Do You Ever Forget Your First Love?
I spent a couple of years writing love stories for the Houston Chronicle Sunday edition and a lot of them were about reunited first loves. There is something so powerful about a young first love experience that it seems people never quite completely shake it off. Is it because it happens when our hearts are still innocent and pure – before that first inevitable heartbreak? Many go searching to recapture that lost love.
Well, my story of first love does not quite follow that pattern, and we did not end up together. Still it is a memory that stays with me in the most healthy and positive way. In many ways, the confidence I gained from this experience starting at age 15 until about 18, gave me the momentum to overcome the many hurdles in my life and become the success I am today.
I was a romanticist living in a truly hopeless and dreary situation as a young teen. I started working when I was 10 years old to buy clothes and other niceties that young girls wanted. I, at times, worked two and three jobs at the same time and went to school, trying to keep up my grades so I could go to college. At home during my little free time, I had to clean house because my mother worked. A real life Cinderella.
When I was in eighth grade I saw the Franco Zeffirelli movie Romeo & Juliet with Leonard Whiting and Olivia Hussey at least 15 times. (I paid for it myself!) A believer in fairy tales and with an irrepressible optimism despite my grim circumstances, I knew I was destined for a great and powerful love such as theirs that I saw over and over again on the big screen. Oh yeah, I was a dreamer.
Yet sometimes dreams come true. I likened my story to a real life Cinderella meeting her prince, and I was just 15 when I met my prince. He was tall (6 foot to my 5 foot 7 – a necessity) and handsome, funny and talented. In the massive universe of our urban high school, we somehow connected. It seemed to me that he was the cutest boy in the entire school. He was a grade older and it took a bit of flirting work to get his interest. Once I did though, in short order, we fell deeply in love, and in our young hearts and minds we felt we were soul mates, destined to be written into the great annals of love history – like Romeo & Juliet, minus the tragedy.
His white horse was a brand new light blue Pontiac Firebird, and he swooped me off to great adventures on a weekly, and then daily basis in my teenage years. It was with him when I experienced my first of many, many rock concerts, and saw my first Broadway show. It was when I first experienced elegant dining, being brought gifts and flowers, and being made to feel like a princess for the first time in my life. We were from different socioeconomic circumstances, and he could afford to spoil me.

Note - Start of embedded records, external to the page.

lemma Rfun_le_min:
  assumes "0 < M" and "M \<le> real N"
  shows "Rfun M N K \<le> (1 - M / real N) * min (min (real N / M) (real K)) (real N)"
proof -
  define q where "q = 1 - M / real N"
  have q: "0 \<le> q" "q \<le> 1"
    using assms by (auto simp: q_def field_simps)
  have "1 - q ^ K \<le> 1"
    using q by simp
  moreover have "1 - q ^ K \<le> real K * (M / real N)"
    using Bernoulli_inequality[of "- (M / real N)" K] assms by (simp add: q_def field_simps)
  ultimately have "real N / M * (1 - q ^ K) \<le> min (real N / M) (real K)"
    using assms by (auto simp: field_simps mult_left_mono)
  then show ?thesis
    using assms q by (auto simp: Rfun_def q_def[symmetric] intro!: mult_left_mono)
qed

lemma exists_Rbar_ge_Rfun_div_48_positive_cache:
  assumes "0 < M" and "M \<le> real N" and "0 < K"
  shows "\<exists>s\<in>{1..nat \<lceil>real (min N K) / 4\<rceil>}. Rfun M N K / 48 \<le> Rbar M N s"
proof -
  define t where "t = min (min (real N / M) (real K)) (real N)"
  have Rfun: "Rfun M N K \<le> (1 - M / real N) * t"
    unfolding t_def using Rfun_le_min[OF assms(1,2)] .
  have "1 \<le> N"
    using assms(1,2) by linarith
  have q: "0 \<le> 1 - M / real N" "1 - M / real N \<le> 1"
    using assms(1,2) by (auto simp: field_simps)
  have t: "0 \<le> t" "t \<le> real (min N K)" "t \<le> real N / M"
    using \<open>0 < M\<close> by (auto simp: t_def)
  show ?thesis
  proof (cases "t < 48")
    case True
    have "Rfun M N K / 48 \<le> 1 - M / real N"
      using Rfun mult_left_mono[of t 48 "1 - M / real N"] True q by simp
    also have "\<dots> \<le> Rbar M N 1"
      using Rbar_lower_bound[where b = N and s = 1] \<open>1 \<le> N\<close> \<open>0 < M\<close> by simp
    finally have "Rfun M N K / 48 \<le> Rbar M N 1" .
    moreover have "1 \<le> nat \<lceil>real (min N K) / 4\<rceil>"
      using \<open>1 \<le> N\<close> \<open>0 < K\<close> by linarith
    ultimately show ?thesis
      by (meson atLeastAtMost_iff le_refl)
  next
    case False
    define s where "s = nat \<lfloor>t / 4\<rfloor>"
    have s: "1 \<le> s" "4 * real s \<le> t" "t < 4 * real s + 4"
      using False t(1) unfolding s_def by linarith+
    have "4 * s \<le> N"
      using s(2) t(2) by simp
    have "4 * M * real s = M * (4 * real s)"
      by simp
    also have "\<dots> \<le> M * t"
      using s(2) \<open>0 < M\<close> by (intro mult_left_mono) auto
    also have "\<dots> \<le> real N"
      using t(3) \<open>0 < M\<close> by (simp add: field_simps)
    finally have "4 * M * real s \<le> real N" .
    with \<open>4 * s \<le> N\<close> have "real s / 2 \<le> Rbar M N s"
      using half_le_Rbar[OF s(1)] \<open>0 < M\<close> by simp
    moreover have "Rfun M N K \<le> t"
      using Rfun q t(1) mult_left_le_one_le[of t "1 - M / real N"] by linarith
    moreover have "s \<le> nat \<lceil>real (min N K) / 4\<rceil>"
      using s(2) t(2) by linarith
    ultimately show ?thesis
      using s(1,3) by (intro bexI[of _ s]) auto
  qed
qed

lemma exists_Rbar_ge_Rfun_div_48:
  assumes "0 \<le> M" and "0 < N" and "0 < K"
  shows "\<exists>s\<in>{1..nat \<lceil>real (min N K) / 4\<rceil>}. Rfun M N K / 48 \<le> Rbar M N s"
proof -
  define S where "S = nat \<lceil>real (min N K) / 4\<rceil>"
  have S: "1 \<le> S" "S \<le> N" "real (min N K) \<le> 4 * real S"
    using assms(2,3) unfolding S_def by linarith+
  consider "M = 0" | "real N < M" | "0 < M" "M \<le> real N"
    using assms(1) by linarith
  then have "\<exists>s\<in>{1..S}. Rfun M N K / 48 \<le> Rbar M N s"
  proof cases
    case 1
    then have "real S \<le> Rbar M N S"
      using Rbar_lower_bound[where b = 1 and s = S and N = N and M = M] S by simp
    then have "Rfun M N K / 48 \<le> Rbar M N S"
      using S(3) \<open>M = 0\<close> by (simp add: Rfun_def)
    then show ?thesis
      using S(1) by force
  next
    case 2
    then have "Rfun M N K / 48 \<le> Rbar M N 1"
      using Rbar_nonneg[where s = 1] assms by (simp add: Rfun_def)
    then show ?thesis
      using S(1) by force
  qed (use exists_Rbar_ge_Rfun_div_48_positive_cache assms(3) in \<open>simp add: S_def\<close>)
  then show ?thesis
    unfolding S_def .
qed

Aside from the great fun, the hours of time spent on our mutual love of music and slapstick, and excessive amount of laughter we shared, we nurtured each other’s talents and dreams at a very vulnerable and impressionable time in life. In fact, I was the first to passionately believe in his talent and knew he would become something great. We wrote gorgeous prose in the form of daily love letters to one another and I still have his letters tied up in a bow in a great big box of mementos.Ironically, both of us have become writers and he has become well respected in Hollywood in his field. We share a mutual pride in each other’s talents and accomplishments.
The above is an actual letter from him pulled from the “box.”
With our immaturity, our young love wasn’t picture perfect. It could be volatile with many intoxicating highs and devastating lows. A combination of parental pressures and other life forces and ambitions broke us up but somehow we managed to remain friends all throughout these many years. My children know this great guy as “Uncle Howard” who always bestowed wonderful treats on them.
That’s him on the far right above, a few years ago with me, my husband and all the kids.
I think of him on occasion and especially on his birthday, which happened to be the same day as our very first date oh so many years ago. So in honor of his birthday, I wrote this little tribute to him and the first love that we shared.
My mature heart, knowing full well where my love priorities are these days, will always keep some warm embers glowing for my first love. I have never felt the urge to run off with him as an adult, and yet, I feel compelled to tenderly keep him among my most treasured friends.